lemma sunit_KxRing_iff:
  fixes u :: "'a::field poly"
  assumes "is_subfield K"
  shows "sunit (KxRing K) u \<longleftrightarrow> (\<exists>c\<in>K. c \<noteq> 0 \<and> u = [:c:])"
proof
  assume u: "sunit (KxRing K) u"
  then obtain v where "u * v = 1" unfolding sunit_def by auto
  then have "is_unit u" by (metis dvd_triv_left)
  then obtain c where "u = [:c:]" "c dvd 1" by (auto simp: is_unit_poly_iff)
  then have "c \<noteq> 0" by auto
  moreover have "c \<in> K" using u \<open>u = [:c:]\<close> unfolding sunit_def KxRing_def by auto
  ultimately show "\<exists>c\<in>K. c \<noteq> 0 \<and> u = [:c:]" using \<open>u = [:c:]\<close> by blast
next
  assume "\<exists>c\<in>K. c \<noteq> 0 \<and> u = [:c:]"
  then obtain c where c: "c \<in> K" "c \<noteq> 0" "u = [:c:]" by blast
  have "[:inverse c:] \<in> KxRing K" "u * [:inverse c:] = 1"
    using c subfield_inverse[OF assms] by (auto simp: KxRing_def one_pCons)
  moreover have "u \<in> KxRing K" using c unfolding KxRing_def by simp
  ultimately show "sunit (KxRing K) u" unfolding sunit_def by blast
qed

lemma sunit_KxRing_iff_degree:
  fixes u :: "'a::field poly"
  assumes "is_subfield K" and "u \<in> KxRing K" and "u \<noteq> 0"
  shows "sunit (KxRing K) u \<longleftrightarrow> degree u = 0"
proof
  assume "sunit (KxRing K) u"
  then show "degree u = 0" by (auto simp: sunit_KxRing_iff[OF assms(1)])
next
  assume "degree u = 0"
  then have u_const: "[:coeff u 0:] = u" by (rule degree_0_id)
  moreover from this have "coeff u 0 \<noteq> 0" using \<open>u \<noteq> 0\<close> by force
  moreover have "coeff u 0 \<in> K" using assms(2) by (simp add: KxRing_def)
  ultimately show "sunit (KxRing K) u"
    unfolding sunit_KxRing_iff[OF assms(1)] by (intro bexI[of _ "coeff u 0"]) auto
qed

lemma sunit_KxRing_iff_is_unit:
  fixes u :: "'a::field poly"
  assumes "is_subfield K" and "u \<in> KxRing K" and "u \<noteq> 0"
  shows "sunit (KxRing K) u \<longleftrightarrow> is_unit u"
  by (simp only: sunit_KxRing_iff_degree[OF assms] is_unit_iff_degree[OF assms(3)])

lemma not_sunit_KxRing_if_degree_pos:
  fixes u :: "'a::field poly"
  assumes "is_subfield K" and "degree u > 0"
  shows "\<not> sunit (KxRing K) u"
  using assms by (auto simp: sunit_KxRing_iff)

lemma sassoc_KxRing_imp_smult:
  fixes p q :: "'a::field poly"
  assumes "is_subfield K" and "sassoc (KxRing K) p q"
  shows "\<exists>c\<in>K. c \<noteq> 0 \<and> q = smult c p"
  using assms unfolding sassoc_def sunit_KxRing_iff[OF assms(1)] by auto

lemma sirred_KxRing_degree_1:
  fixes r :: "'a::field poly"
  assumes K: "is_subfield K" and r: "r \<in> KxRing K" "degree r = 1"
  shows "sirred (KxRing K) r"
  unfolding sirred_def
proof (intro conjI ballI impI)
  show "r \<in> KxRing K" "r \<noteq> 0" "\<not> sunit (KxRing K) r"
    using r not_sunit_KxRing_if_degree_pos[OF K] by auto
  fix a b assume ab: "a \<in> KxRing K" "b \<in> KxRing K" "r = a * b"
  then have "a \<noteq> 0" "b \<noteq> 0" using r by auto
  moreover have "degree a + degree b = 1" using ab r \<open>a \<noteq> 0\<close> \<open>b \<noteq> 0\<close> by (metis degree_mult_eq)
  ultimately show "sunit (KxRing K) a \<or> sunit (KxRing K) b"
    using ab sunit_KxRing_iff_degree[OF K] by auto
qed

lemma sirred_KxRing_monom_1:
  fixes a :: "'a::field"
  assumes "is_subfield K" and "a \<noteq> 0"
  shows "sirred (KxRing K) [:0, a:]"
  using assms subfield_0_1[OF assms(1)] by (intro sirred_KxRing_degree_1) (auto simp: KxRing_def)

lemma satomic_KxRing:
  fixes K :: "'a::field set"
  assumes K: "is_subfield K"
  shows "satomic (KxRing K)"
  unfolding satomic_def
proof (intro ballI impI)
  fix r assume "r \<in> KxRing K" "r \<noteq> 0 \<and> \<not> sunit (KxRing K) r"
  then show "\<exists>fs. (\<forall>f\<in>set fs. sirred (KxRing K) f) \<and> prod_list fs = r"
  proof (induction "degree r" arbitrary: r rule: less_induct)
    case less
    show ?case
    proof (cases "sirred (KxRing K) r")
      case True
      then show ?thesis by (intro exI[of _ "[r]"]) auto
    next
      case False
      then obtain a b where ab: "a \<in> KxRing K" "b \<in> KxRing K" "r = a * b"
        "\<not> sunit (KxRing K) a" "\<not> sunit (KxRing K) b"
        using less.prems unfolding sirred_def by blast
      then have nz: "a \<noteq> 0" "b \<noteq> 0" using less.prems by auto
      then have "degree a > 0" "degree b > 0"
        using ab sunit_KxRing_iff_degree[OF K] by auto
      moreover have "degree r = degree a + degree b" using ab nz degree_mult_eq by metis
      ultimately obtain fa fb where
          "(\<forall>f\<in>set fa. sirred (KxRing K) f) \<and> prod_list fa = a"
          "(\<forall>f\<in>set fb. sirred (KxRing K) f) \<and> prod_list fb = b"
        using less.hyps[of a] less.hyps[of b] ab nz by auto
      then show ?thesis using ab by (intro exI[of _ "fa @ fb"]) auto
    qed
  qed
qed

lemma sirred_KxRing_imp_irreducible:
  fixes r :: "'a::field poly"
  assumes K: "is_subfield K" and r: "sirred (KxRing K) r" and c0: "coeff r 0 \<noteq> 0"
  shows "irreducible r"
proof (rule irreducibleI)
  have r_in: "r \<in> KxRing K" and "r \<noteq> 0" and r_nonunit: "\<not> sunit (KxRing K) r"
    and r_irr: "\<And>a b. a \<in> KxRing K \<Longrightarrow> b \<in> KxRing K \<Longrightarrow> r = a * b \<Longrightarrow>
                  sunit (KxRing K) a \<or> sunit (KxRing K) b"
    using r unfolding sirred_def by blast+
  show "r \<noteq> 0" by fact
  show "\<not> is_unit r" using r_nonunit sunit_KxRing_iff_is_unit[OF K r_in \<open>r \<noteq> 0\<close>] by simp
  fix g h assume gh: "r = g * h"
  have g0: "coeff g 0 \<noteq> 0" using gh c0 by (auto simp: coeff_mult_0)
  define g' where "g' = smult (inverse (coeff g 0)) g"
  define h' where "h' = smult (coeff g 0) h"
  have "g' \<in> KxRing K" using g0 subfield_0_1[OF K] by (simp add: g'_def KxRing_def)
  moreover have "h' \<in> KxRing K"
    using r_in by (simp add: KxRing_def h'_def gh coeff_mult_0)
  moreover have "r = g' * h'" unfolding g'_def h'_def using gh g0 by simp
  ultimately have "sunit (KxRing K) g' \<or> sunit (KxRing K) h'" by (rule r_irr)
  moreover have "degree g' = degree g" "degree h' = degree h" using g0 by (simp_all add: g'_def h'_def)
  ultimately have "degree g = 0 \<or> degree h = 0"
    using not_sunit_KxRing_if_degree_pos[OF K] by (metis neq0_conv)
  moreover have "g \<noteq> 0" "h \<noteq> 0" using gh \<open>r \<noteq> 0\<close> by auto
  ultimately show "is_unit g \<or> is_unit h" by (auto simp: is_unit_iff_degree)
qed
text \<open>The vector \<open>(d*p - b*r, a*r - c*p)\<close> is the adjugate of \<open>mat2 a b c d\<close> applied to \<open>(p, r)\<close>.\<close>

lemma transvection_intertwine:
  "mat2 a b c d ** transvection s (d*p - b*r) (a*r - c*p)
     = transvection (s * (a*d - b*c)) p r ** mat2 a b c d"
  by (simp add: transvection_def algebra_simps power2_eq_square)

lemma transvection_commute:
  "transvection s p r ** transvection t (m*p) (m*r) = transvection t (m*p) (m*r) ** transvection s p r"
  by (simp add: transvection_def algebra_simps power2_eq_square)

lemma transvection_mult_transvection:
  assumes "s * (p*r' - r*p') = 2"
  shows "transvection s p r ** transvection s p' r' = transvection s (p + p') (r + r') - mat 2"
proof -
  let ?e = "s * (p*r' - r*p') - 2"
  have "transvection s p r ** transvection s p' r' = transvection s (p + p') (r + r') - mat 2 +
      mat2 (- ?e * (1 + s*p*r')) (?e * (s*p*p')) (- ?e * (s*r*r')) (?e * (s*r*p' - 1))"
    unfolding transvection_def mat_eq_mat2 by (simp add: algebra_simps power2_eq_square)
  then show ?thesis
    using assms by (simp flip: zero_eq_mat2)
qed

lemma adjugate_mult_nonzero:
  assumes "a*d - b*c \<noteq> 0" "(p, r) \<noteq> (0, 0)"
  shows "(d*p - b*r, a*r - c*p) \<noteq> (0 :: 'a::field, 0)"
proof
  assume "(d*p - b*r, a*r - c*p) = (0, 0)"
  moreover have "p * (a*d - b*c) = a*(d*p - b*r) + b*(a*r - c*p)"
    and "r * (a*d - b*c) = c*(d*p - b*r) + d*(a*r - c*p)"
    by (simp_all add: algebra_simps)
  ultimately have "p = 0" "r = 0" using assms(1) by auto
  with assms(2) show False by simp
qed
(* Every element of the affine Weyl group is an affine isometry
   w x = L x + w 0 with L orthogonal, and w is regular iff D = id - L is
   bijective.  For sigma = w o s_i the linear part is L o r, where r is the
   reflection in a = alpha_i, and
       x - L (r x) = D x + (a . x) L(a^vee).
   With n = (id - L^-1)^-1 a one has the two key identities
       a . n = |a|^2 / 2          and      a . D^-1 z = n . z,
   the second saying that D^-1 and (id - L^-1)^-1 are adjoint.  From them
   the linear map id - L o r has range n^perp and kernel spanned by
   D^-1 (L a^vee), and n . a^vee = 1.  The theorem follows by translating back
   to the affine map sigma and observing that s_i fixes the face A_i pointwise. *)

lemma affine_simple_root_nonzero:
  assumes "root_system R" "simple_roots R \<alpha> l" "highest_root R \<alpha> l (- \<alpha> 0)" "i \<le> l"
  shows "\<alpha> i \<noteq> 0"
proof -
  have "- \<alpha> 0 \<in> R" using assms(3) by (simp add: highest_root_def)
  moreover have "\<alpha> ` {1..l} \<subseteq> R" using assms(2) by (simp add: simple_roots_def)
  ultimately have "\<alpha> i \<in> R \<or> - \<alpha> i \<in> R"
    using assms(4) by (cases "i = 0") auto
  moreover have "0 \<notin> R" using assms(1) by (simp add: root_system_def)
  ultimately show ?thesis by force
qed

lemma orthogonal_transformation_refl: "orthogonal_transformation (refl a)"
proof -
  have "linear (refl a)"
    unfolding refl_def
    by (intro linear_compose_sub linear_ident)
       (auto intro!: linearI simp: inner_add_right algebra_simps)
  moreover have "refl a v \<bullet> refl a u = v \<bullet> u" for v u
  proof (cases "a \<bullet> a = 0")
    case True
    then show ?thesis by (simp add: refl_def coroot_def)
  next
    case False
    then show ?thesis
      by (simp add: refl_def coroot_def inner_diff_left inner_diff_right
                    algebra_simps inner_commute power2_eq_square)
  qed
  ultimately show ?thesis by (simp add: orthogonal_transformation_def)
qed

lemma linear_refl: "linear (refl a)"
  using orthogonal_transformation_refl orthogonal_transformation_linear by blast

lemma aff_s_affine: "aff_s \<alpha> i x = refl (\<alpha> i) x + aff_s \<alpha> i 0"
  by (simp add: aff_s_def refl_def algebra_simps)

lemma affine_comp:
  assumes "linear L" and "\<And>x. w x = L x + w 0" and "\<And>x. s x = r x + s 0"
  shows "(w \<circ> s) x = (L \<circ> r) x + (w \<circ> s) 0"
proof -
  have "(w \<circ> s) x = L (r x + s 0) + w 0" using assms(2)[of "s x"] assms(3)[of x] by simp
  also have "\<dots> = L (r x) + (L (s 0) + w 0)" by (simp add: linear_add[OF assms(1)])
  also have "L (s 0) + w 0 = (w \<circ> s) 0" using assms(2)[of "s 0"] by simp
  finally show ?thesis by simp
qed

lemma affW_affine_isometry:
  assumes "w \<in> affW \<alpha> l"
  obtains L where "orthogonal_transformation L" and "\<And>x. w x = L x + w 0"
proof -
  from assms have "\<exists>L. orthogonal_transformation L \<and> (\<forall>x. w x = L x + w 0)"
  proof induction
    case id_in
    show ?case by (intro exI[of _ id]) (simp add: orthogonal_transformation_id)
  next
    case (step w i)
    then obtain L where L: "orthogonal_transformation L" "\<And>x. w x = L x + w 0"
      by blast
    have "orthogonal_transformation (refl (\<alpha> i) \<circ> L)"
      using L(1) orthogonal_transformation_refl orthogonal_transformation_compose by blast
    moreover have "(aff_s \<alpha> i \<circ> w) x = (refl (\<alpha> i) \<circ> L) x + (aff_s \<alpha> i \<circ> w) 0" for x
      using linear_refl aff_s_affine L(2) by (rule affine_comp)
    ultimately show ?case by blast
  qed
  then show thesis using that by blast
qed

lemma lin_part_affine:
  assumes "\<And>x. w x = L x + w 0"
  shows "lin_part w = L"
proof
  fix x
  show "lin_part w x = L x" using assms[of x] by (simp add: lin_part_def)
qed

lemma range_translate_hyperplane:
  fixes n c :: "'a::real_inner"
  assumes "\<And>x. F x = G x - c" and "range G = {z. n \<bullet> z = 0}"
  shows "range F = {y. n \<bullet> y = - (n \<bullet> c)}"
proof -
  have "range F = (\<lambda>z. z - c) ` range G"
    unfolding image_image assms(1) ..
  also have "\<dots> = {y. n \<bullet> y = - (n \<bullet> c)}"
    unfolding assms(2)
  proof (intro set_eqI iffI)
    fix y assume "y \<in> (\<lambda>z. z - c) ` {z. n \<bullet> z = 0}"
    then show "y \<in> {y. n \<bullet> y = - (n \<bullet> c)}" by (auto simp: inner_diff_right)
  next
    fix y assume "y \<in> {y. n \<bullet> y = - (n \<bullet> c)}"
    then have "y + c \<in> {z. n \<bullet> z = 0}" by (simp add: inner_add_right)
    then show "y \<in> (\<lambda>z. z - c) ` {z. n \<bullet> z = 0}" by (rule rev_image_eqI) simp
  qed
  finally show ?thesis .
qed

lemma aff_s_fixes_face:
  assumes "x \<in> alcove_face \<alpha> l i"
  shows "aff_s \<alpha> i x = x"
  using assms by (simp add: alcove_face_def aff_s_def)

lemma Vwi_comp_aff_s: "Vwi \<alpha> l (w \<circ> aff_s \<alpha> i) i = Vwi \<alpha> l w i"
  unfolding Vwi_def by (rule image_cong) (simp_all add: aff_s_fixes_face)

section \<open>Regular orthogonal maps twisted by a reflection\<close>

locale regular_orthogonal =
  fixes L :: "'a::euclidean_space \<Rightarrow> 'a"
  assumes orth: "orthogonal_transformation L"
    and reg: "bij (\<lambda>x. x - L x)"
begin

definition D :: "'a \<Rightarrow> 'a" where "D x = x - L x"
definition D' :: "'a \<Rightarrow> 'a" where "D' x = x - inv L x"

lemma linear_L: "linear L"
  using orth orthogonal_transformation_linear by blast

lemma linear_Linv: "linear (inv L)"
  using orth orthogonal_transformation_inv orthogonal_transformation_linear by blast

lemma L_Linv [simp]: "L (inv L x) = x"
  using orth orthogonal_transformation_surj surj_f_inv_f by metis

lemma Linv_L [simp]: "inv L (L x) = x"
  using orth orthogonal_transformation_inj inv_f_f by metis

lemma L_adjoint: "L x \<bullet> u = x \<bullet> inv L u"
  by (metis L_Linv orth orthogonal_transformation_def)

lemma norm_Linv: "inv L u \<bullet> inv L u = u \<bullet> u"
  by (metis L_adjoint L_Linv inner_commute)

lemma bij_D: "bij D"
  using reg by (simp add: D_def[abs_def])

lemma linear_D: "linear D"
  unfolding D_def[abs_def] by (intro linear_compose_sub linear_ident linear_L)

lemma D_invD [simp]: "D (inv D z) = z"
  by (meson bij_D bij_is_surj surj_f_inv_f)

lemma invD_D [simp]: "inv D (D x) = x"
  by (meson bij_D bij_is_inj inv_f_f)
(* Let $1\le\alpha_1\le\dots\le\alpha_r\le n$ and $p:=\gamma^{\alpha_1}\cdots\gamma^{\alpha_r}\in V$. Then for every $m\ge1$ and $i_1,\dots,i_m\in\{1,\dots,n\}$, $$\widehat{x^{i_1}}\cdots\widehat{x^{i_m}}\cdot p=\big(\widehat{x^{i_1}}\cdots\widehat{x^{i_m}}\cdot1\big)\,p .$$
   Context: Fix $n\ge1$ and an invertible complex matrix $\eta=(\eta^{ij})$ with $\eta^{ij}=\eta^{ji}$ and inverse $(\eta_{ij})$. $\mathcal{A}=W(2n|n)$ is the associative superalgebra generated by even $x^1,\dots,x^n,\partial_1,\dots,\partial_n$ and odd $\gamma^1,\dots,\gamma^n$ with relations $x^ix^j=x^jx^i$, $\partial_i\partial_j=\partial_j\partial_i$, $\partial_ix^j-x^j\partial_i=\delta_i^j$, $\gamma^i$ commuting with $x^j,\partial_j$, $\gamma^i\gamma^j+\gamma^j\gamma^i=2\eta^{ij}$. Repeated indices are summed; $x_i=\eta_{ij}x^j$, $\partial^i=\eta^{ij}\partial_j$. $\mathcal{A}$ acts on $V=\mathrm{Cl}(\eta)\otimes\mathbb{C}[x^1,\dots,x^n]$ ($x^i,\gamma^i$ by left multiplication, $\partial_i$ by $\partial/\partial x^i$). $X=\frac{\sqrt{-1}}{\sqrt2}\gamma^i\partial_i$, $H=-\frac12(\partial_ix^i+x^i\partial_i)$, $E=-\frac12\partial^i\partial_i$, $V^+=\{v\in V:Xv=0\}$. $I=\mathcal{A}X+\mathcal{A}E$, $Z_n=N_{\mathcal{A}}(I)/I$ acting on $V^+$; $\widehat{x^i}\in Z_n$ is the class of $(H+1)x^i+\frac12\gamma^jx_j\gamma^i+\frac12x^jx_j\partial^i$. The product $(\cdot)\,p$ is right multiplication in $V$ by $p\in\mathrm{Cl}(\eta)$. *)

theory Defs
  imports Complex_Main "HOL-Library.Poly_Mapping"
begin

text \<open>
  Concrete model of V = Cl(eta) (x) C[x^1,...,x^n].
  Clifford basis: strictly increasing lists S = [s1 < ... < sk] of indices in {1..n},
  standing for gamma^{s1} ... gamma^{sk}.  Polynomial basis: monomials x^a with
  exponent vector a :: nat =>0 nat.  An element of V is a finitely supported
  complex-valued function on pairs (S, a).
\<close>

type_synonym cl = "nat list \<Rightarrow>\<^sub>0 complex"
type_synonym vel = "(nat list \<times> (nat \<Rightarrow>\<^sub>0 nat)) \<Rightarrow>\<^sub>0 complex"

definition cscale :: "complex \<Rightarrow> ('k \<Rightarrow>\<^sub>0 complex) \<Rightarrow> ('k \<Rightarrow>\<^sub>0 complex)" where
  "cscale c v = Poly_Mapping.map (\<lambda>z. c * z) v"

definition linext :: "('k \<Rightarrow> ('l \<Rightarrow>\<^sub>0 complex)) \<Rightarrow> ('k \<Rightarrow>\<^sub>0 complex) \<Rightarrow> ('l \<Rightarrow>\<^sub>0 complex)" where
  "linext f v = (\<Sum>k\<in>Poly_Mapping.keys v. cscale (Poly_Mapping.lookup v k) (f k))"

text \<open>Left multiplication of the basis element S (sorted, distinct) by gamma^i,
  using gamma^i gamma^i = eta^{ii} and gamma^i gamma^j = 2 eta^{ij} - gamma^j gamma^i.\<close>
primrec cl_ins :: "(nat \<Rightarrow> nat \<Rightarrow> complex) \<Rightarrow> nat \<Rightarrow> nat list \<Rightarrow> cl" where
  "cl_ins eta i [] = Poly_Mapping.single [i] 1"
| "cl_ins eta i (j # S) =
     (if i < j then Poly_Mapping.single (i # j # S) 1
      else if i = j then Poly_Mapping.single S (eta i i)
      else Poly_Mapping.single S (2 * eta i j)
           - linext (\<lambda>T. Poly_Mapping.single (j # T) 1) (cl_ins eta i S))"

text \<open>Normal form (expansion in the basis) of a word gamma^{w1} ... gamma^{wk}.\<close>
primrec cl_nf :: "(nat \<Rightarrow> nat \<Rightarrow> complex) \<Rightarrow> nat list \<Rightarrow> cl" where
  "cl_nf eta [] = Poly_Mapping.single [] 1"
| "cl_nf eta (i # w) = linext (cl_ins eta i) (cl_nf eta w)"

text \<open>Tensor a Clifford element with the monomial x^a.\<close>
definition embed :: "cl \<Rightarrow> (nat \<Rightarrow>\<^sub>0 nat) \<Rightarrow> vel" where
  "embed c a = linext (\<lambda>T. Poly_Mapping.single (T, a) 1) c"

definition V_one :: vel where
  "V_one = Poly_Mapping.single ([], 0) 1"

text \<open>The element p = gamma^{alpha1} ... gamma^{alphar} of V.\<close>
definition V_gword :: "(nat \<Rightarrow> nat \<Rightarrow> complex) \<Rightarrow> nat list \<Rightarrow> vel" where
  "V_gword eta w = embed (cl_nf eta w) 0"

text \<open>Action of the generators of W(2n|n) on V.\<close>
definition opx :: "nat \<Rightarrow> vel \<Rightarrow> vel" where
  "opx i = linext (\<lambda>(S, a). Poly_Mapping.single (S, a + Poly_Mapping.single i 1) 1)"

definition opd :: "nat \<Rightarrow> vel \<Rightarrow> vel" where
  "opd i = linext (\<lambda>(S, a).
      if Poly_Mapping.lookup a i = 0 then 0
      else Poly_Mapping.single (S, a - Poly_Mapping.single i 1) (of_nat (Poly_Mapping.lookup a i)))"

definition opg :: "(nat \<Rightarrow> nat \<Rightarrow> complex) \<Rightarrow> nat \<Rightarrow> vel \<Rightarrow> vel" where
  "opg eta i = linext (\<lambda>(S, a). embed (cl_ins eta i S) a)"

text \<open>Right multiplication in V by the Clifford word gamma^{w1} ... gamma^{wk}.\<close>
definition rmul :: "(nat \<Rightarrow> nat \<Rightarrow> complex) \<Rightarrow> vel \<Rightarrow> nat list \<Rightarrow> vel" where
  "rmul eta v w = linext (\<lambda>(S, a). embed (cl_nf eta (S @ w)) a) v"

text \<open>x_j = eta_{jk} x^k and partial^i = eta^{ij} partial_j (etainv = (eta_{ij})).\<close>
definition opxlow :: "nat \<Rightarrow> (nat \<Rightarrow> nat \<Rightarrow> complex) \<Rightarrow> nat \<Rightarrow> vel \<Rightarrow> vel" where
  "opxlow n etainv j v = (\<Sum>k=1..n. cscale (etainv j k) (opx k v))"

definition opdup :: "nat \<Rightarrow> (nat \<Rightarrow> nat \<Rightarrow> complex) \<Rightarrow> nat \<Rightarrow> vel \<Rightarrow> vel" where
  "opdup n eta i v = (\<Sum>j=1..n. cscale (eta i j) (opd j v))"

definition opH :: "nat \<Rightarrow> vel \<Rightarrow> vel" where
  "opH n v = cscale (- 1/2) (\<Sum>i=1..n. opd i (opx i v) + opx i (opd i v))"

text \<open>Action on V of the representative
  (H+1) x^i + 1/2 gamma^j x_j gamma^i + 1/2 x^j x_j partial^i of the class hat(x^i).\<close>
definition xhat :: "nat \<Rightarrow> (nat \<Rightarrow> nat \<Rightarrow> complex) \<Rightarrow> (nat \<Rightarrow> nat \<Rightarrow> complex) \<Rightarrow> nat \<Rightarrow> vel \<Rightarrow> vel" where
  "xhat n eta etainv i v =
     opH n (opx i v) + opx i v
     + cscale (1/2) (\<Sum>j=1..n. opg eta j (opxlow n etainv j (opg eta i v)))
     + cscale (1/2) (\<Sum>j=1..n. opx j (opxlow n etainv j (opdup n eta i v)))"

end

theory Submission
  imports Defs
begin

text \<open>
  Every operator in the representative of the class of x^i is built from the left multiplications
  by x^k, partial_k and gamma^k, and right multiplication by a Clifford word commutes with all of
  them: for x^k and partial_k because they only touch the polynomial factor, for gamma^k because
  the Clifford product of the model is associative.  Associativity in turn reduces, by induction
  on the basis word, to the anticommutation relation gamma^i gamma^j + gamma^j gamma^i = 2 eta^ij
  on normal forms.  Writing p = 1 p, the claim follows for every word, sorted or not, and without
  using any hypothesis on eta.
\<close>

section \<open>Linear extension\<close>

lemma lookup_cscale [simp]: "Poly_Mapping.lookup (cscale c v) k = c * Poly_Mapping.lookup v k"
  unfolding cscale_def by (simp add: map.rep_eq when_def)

→ TASK: If a line in the entries contains "finally", copy it.

→ OUTPUT FOR THIS EXERCISE:
  finally show ?thesis by simp
  finally show ?thesis .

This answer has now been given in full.